8/10
I always want to like this film more than I do
19 April 2019
Warning: Spoilers
...which is about as paradoxical as its plot. I love black and white wartime propaganda films with women in shoulderpads, so there's that in its favour. The war looms large, and the "lifeboat" cast take in much of the British Isles - and France. Meanwhile the Americans were making moves about that squad that contains O'Malley, MacTavish, Kowalski and Goldstein.

Yes, it's not just England fighting this war - the Welsh may be bombed and fired on too, even deep in the country.
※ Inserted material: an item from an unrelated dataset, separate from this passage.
(* Let $H=(V,E,w)$ be a hypergraph in which every vertex has positive degree and every hyperedge has rank at least $2$, and let $G$ be its clique reduction. If $f$ is an eigenvector of $D_G^{-1}J_G$ corresponding to its smallest eigenvalue $\lambda_1(D_G^{-1}J_G)$, then $$\frac{f^\top J_H f}{f^\top D_H f}\le\lambda_1(D_G^{-1}J_G),$$ and the inequality is strict if $\min_{e\in E}\mathrm{rank}(e)>2$.
   Context: A hypergraph $H=(V,E,w)$ has vertex set $V$ with $|V|=n$, hyperedges $E$ (subsets of $V$), weights $w:E\to\mathbb{R}_{>0}$; $\mathrm{rank}(e)=|e|$, $\deg(v)=\sum_{e\ni v}w(e)$, $D_H=\mathrm{diag}(\deg(v))$. For $f\in\mathbb{R}^n$, $e\in E$: $\Delta_f(e)=\max_{u\in e}f(u)+\min_{v\in e}f(v)$, $S_f(e)=\{v\in e:f(v)=\max_{u\in e}f(u)\}$, $I_f(e)=\{v\in e:f(v)=\min_{u\in e}f(u)\}$. Operator $J_H$: for $f$, let $r\in\mathbb{R}^n$ be the unique vector for which there are numbers $r_e(v)$ with $r(v)=\sum_e r_e(v)$, $r_e(v)=0$ unless $v\in S_f(e)\cup I_f(e)$, and: (1) $\sum_{v\in S_f(e)}\deg(v)r_e(v)=\sum_{v\in I_f(e)}\deg(v)r_e(v)=-w(e)\Delta_f(e)$ for all $e$; (2a) if $|r_e(u)|>0$, $u\in S_f(e)$: when $\Delta_f(e)>0$, $r(u)=\max_{v\in S_f(e)}r(v)$, when $\Delta_f(e)<0$, $r(u)=r(v)$ for all $v\in S_f(e)$; (2b) if $|r_e(u)|>0$, $u\in I_f(e)$: when $\Delta_f(e)<0$, $r(u)=\min_{v\in I_f(e)}r(v)$, when $\Delta_f(e)>0$, $r(u)=r(v)$ for all $v\in I_f(e)$. Then $J_H f:=-D_H r$. (One has $f^\top J_H f=\sum_e w(e)\Delta_f(e)^2$.) Clique reduction $G$: the graph on $V$ in which, for each hyperedge $e$ and each pair of distinct $u,v\in e$, weight $w(e)/(\mathrm{rank}(e)-1)$ is added to edge $\{u,v\}$; $D_G$, $A_G$ are its degree and weighted adjacency matrices and $J_G=D_G+A_G$. *)

theory Defs
  imports Main "HOL-Analysis.Analysis"
begin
Also present is an Irishman working for his government, who is about to be posted to Berlin.

The opening is very effective, with the characters arriving in twos and threes, walking along a lonely, sunny country road carrying suitcases. They already seem in another world.

Sally Ann may talk posh, but she is very effective as the daughter of the estranged couple. How does she sob so convincingly? She's great in Dead of Night, too. Tom Walls and Francoise Rosay are affecting as the couple who have lost a son and fall out over spiritualism.

I like the two spivs and hope Major Fortescue will rejoin the army as a private and do his bit. Not sure about salvation for the main spiv, who has a certain charm. The scene where his character is established - doing dodgy deals in a hotel bar - is very funny.

But I find the saintliness of the revenants annoying, and their accents irritating. Silly, I know, as they were genuinely Welsh. Is there something patronising about the way they are presented as quaint? And why is Glynis/Gwyneth wearing an ill-fitting New Look dress in the middle of the war?